CON: This bill will effect port districts in Seattle, Tacoma, Everett, and Edmonds. This bill authorizes tax increment financing in a somewhat complex mechanism of transferring development rights from rural lands to urban lands. It does it by capturing the increased property tax capacity of cities, counties, and port districts. Port districts align their tax revenues with their economic priorities, which tend to be job creating types of infrastructure, including transportation infrastructure.

OTHER: There is concern about gentrification with this bill. There needs to be a stronger connection between development rights and affordable housing. It is important to make sure that low income folks do not get priced out of communities that this bill would improve.
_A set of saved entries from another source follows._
(* Let $f(z)=z+\sum_{n=2}^{\infty}a_nz^n$ belong to $\mathcal{S}^*_{\xi}$. Then the second Hankel determinant $H_{2,2}(f)=a_2a_4-a_3^2$ satisfies $|H_{2,2}(f)|\le \frac14$. The estimate is sharp: equality holds for some function in $\mathcal{S}^*_{\xi}$.
   Context: $\mathbb{D}=\{z\in\mathbb{C}:|z|<1\}$. $\mathcal{A}$ is the class of analytic functions $f$ on $\mathbb{D}$ of the form $f(z)=z+\sum_{n\ge2}a_nz^n$. For analytic $f,g$ on $\mathbb{D}$, $f\prec g$ means there is an analytic $w:\mathbb{D}\to\mathbb{D}$ with $w(0)=0$ and $f=g\circ w$. Let $\xi(z)=1+\frac{\sin z}{1-z}$ for $z\in\mathbb{D}$, and $\mathcal{S}^*_{\xi}=\{f\in\mathcal{A}: \frac{zf'(z)}{f(z)}\prec \xi(z)\}$. *)

theory Defs
  imports "HOL-Complex_Analysis.Complex_Analysis"
begin

definition unit_disc :: "complex set" where
  "unit_disc = ball 0 1"

definition classA :: "(complex \<Rightarrow> complex) \<Rightarrow> bool" where
  "classA f \<longleftrightarrow> f holomorphic_on unit_disc \<and> f 0 = 0 \<and> deriv f 0 = 1"

definition coeff :: "(complex \<Rightarrow> complex) \<Rightarrow> nat \<Rightarrow> complex" where
  "coeff f n = (deriv ^^ n) f 0 / fact n"

definition subordinate :: "(complex \<Rightarrow> complex) \<Rightarrow> (complex \<Rightarrow> complex) \<Rightarrow> bool" where
  "subordinate f g \<longleftrightarrow> (\<exists>w. w holomorphic_on unit_disc \<and> w ` unit_disc \<subseteq> unit_disc \<and> w 0 = 0
      \<and> (\<forall>z\<in>unit_disc. f z = g (w z)))"

definition xi :: "complex \<Rightarrow> complex" where
  "xi z = 1 + sin z / (1 - z)"

text \<open>The function z f'(z)/f(z), extended at the origin by its limit value 1
  (f'(0) = 1 for f in class A).\<close>
definition zf'_over_f :: "(complex \<Rightarrow> complex) \<Rightarrow> complex \<Rightarrow> complex" where
  "zf'_over_f f z = (if z = 0 then 1 else z * deriv f z / f z)"

text \<open>The class S*_xi. We require f z \<noteq> 0 for z \<noteq> 0 so that the quotient is defined.\<close>
definition S_xi :: "(complex \<Rightarrow> complex) set" where
  "S_xi = {f. classA f \<and> (\<forall>z\<in>unit_disc - {0}. f z \<noteq> 0) \<and> subordinate (zf'_over_f f) xi}"

end

theory Submission
  imports Defs
begin

(* Let w(z) = c1 z + c2 z^2 + c3 z^3 + ... be the Schwarz function with z f'/f = xi o w.
   Since xi(z) = 1 + z + z^2 + 5/6 z^3 + ..., comparing coefficients in z f' = f (xi o w) gives
     a2 a4 - a3^2 = c1 c3/3 + c1^2 c2/6 - c1^4/18 - c2^2/4.
   One step of Schur's algorithm (w = z h, and (h - c1)/(1 - conj c1 h) is again a Schwarz
   function) yields |c2| <= 1 - |c1|^2 and |c3| <= 1 - |c1|^2 - |c2|^2/(1 + |c1|).  With
   r = |c1| and s = |c2| the triangle inequality bounds |a2 a4 - a3^2| by a quadratic in s that
   is convex on [0, 1 - r^2] and at most 1/4 at both endpoints.  Equality holds for w(z) = z^2. *)

subsection \<open>Coefficient bounds for Schwarz functions\<close>

definition schwarz_function :: "(complex \<Rightarrow> complex) \<Rightarrow> bool" where
  "schwarz_function w \<longleftrightarrow> w holomorphic_on unit_disc \<and> w ` unit_disc \<subseteq> unit_disc \<and> w 0 = 0"

lemma subordinate_iff_schwarz_function:
  "subordinate f g \<longleftrightarrow> (\<exists>w. schwarz_function w \<and> (\<forall>z\<in>unit_disc. f z = g (w z)))"
  by (auto simp: subordinate_def schwarz_function_def)

lemma schwarz_functionD:
  assumes "schwarz_function w"
  shows "w holomorphic_on ball 0 1" "w 0 = 0" "\<And>z. norm z < 1 \<Longrightarrow> norm (w z) < 1"
  using assms by (auto simp: schwarz_function_def unit_disc_def image_subset_iff)

lemma coeff_eq_fps_nth: "f has_fps_expansion F \<Longrightarrow> coeff f n = fps_nth F n"
  by (simp add: fps_nth_fps_expansion coeff_def)

lemma coeff_1: "coeff f 1 = deriv f 0"
  by (simp add: coeff_def)

lemma holomorphic_on_unit_disc_has_fps_expansion:
  "f holomorphic_on unit_disc \<Longrightarrow> f has_fps_expansion fps_expansion f 0"
  unfolding unit_disc_def by (rule has_fps_expansion_fps_expansion[of "ball 0 1"]) auto

lemma has_fps_expansion_cong_unit_disc:
  assumes "f has_fps_expansion F" "\<And>z. z \<in> unit_disc \<Longrightarrow> f z = g z"
  shows "g has_fps_expansion F"
proof -
  have "eventually (\<lambda>z. z \<in> unit_disc) (nhds 0)"
    unfolding unit_disc_def by (intro eventually_nhds_in_open) auto
  then have "eventually (\<lambda>z. f z = g z) (nhds 0)"
    by (rule eventually_mono) (use assms(2) in auto)
  with assms(1) show ?thesis
    using has_fps_expansion_cong by blast
qed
Persons Testifying: PRO: Senator White, prime sponsor; Connie Brown, Tacoma Pierce County Affordable Housing; Harry Hoffman, Housing Development Consortium of Seattle and King County; Kim Herman, House Finance Commission; April Putney, Futurewise; Dave Williams, Association of Washington Cities; Jeanette McKague, Washington Realtors; Darren Greve, King County; Mark Doumit, Washington Forest Protection Association; Gene Duvernay, Cascade Land Conservancy; Scott Hildebrand, Master Home Builders of King and Snohomish Counties.

CON: Eric Johnson, Washington Public Ports Association.

OTHER: Nick Federici, Washington Low Income Housing Alliance.